§ TASK PROMPT: Reproduce all the data, character for character.

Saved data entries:

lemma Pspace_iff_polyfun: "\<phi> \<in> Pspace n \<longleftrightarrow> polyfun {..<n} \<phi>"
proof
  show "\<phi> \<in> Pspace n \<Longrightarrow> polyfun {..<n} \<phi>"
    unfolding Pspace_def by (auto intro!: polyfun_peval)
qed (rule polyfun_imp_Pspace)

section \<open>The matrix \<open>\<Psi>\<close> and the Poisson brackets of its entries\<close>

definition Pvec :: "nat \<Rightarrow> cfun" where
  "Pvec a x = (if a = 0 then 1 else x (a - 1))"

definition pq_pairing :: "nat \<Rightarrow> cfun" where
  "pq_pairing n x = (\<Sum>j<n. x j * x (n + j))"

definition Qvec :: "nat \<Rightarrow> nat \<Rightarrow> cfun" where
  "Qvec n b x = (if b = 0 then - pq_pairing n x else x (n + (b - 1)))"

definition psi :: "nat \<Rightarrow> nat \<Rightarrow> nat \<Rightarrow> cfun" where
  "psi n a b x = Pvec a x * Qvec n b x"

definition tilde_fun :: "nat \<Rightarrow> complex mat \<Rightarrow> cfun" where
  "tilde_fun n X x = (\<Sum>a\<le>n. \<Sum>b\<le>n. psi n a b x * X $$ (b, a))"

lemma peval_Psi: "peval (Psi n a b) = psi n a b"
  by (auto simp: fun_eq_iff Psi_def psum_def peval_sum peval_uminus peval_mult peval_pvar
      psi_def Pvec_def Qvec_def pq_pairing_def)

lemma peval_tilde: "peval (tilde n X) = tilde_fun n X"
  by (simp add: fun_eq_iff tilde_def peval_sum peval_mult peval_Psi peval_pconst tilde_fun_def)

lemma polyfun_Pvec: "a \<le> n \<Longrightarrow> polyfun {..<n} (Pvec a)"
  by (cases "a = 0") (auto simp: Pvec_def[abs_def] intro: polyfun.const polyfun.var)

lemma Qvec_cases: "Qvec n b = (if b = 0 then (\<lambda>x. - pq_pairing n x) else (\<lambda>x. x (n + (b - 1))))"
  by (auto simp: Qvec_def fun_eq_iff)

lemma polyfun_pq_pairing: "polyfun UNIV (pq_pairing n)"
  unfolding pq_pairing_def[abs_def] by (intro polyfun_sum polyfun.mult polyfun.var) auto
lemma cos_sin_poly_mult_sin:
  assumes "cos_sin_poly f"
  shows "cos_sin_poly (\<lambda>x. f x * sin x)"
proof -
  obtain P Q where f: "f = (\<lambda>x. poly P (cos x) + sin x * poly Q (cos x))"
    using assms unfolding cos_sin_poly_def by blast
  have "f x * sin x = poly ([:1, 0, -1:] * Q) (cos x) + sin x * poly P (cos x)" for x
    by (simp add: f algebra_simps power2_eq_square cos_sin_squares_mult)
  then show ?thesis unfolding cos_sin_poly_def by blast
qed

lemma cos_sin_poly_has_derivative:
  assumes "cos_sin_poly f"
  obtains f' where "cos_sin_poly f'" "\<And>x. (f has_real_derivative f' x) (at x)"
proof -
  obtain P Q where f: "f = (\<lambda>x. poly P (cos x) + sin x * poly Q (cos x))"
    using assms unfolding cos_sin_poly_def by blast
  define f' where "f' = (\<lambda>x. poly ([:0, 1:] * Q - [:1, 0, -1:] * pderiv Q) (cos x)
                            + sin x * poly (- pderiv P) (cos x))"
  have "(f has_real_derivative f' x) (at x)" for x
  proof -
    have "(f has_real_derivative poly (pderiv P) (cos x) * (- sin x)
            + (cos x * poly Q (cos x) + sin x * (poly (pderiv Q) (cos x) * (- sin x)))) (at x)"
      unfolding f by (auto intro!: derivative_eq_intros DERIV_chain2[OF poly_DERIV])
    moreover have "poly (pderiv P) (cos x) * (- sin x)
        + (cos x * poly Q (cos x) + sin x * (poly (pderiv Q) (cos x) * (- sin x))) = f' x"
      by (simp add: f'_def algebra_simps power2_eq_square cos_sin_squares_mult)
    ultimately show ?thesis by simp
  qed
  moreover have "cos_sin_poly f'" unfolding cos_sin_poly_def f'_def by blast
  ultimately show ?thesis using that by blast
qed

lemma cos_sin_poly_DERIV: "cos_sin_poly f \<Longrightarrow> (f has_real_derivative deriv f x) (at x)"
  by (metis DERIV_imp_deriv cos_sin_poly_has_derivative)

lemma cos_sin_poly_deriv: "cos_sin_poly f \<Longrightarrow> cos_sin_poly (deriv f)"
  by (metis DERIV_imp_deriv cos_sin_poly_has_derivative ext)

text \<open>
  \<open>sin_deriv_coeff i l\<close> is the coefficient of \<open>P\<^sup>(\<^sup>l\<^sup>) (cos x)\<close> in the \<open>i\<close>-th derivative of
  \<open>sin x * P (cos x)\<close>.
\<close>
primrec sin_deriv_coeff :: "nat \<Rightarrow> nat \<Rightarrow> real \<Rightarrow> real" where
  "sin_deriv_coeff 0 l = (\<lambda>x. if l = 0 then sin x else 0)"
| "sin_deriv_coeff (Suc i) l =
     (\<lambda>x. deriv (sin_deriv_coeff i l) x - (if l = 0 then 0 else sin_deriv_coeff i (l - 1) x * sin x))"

§ FINAL ANSWER:
lemma Pspace_iff_polyfun: "\<phi> \<in> Pspace n \<longleftrightarrow> polyfun {..<n} \<phi>"
proof
  show "\<phi> \<in> Pspace n \<Longrightarrow> polyfun {..<n} \<phi>"
    unfolding Pspace_def by (auto intro!: polyfun_peval)
qed (rule polyfun_imp_Pspace)

section \<open>The matrix \<open>\<Psi>\<close> and the Poisson brackets of its entries\<close>

definition Pvec :: "nat \<Rightarrow> cfun" where
  "Pvec a x = (if a = 0 then 1 else x (a - 1))"

definition pq_pairing :: "nat \<Rightarrow> cfun" where
  "pq_pairing n x = (\<Sum>j<n. x j * x (n + j))"

definition Qvec :: "nat \<Rightarrow> nat \<Rightarrow> cfun" where
  "Qvec n b x = (if b = 0 then - pq_pairing n x else x (n + (b - 1)))"

definition psi :: "nat \<Rightarrow> nat \<Rightarrow> nat \<Rightarrow> cfun" where
  "psi n a b x = Pvec a x * Qvec n b x"

definition tilde_fun :: "nat \<Rightarrow> complex mat \<Rightarrow> cfun" where
  "tilde_fun n X x = (\<Sum>a\<le>n. \<Sum>b\<le>n. psi n a b x * X $$ (b, a))"

lemma peval_Psi: "peval (Psi n a b) = psi n a b"
  by (auto simp: fun_eq_iff Psi_def psum_def peval_sum peval_uminus peval_mult peval_pvar
      psi_def Pvec_def Qvec_def pq_pairing_def)

lemma peval_tilde: "peval (tilde n X) = tilde_fun n X"
  by (simp add: fun_eq_iff tilde_def peval_sum peval_mult peval_Psi peval_pconst tilde_fun_def)

lemma polyfun_Pvec: "a \<le> n \<Longrightarrow> polyfun {..<n} (Pvec a)"
  by (cases "a = 0") (auto simp: Pvec_def[abs_def] intro: polyfun.const polyfun.var)

lemma Qvec_cases: "Qvec n b = (if b = 0 then (\<lambda>x. - pq_pairing n x) else (\<lambda>x. x (n + (b - 1))))"
  by (auto simp: Qvec_def fun_eq_iff)

lemma polyfun_pq_pairing: "polyfun UNIV (pq_pairing n)"
  unfolding pq_pairing_def[abs_def] by (intro polyfun_sum polyfun.mult polyfun.var) auto
lemma cos_sin_poly_mult_sin:
  assumes "cos_sin_poly f"
  shows "cos_sin_poly (\<lambda>x. f x * sin x)"
proof -
  obtain P Q where f: "f = (\<lambda>x. poly P (cos x) + sin x * poly Q (cos x))"
    using assms unfolding cos_sin_poly_def by blast
  have "f x * sin x = poly ([:1, 0, -1:] * Q) (cos x) + sin x * poly P (cos x)" for x
    by (simp add: f algebra_simps power2_eq_square cos_sin_squares_mult)
  then show ?thesis unfolding cos_sin_poly_def by blast
qed

lemma cos_sin_poly_has_derivative:
  assumes "cos_sin_poly f"
  obtains f' where "cos_sin_poly f'" "\<And>x. (f has_real_derivative f' x) (at x)"
proof -
  obtain P Q where f: "f = (\<lambda>x. poly P (cos x) + sin x * poly Q (cos x))"
    using assms unfolding cos_sin_poly_def by blast
  define f' where "f' = (\<lambda>x. poly ([:0, 1:] * Q - [:1, 0, -1:] * pderiv Q) (cos x)
                            + sin x * poly (- pderiv P) (cos x))"
  have "(f has_real_derivative f' x) (at x)" for x
  proof -
    have "(f has_real_derivative poly (pderiv P) (cos x) * (- sin x)
            + (cos x * poly Q (cos x) + sin x * (poly (pderiv Q) (cos x) * (- sin x)))) (at x)"
      unfolding f by (auto intro!: derivative_eq_intros DERIV_chain2[OF poly_DERIV])
    moreover have "poly (pderiv P) (cos x) * (- sin x)
        + (cos x * poly Q (cos x) + sin x * (poly (pderiv Q) (cos x) * (- sin x))) = f' x"
      by (simp add: f'_def algebra_simps power2_eq_square cos_sin_squares_mult)
    ultimately show ?thesis by simp
  qed
  moreover have "cos_sin_poly f'" unfolding cos_sin_poly_def f'_def by blast
  ultimately show ?thesis using that by blast
qed

lemma cos_sin_poly_DERIV: "cos_sin_poly f \<Longrightarrow> (f has_real_derivative deriv f x) (at x)"
  by (metis DERIV_imp_deriv cos_sin_poly_has_derivative)

lemma cos_sin_poly_deriv: "cos_sin_poly f \<Longrightarrow> cos_sin_poly (deriv f)"
  by (metis DERIV_imp_deriv cos_sin_poly_has_derivative ext)

text \<open>
  \<open>sin_deriv_coeff i l\<close> is the coefficient of \<open>P\<^sup>(\<^sup>l\<^sup>) (cos x)\<close> in the \<open>i\<close>-th derivative of
  \<open>sin x * P (cos x)\<close>.
\<close>
primrec sin_deriv_coeff :: "nat \<Rightarrow> nat \<Rightarrow> real \<Rightarrow> real" where
  "sin_deriv_coeff 0 l = (\<lambda>x. if l = 0 then sin x else 0)"
| "sin_deriv_coeff (Suc i) l =
     (\<lambda>x. deriv (sin_deriv_coeff i l) x - (if l = 0 then 0 else sin_deriv_coeff i (l - 1) x * sin x))"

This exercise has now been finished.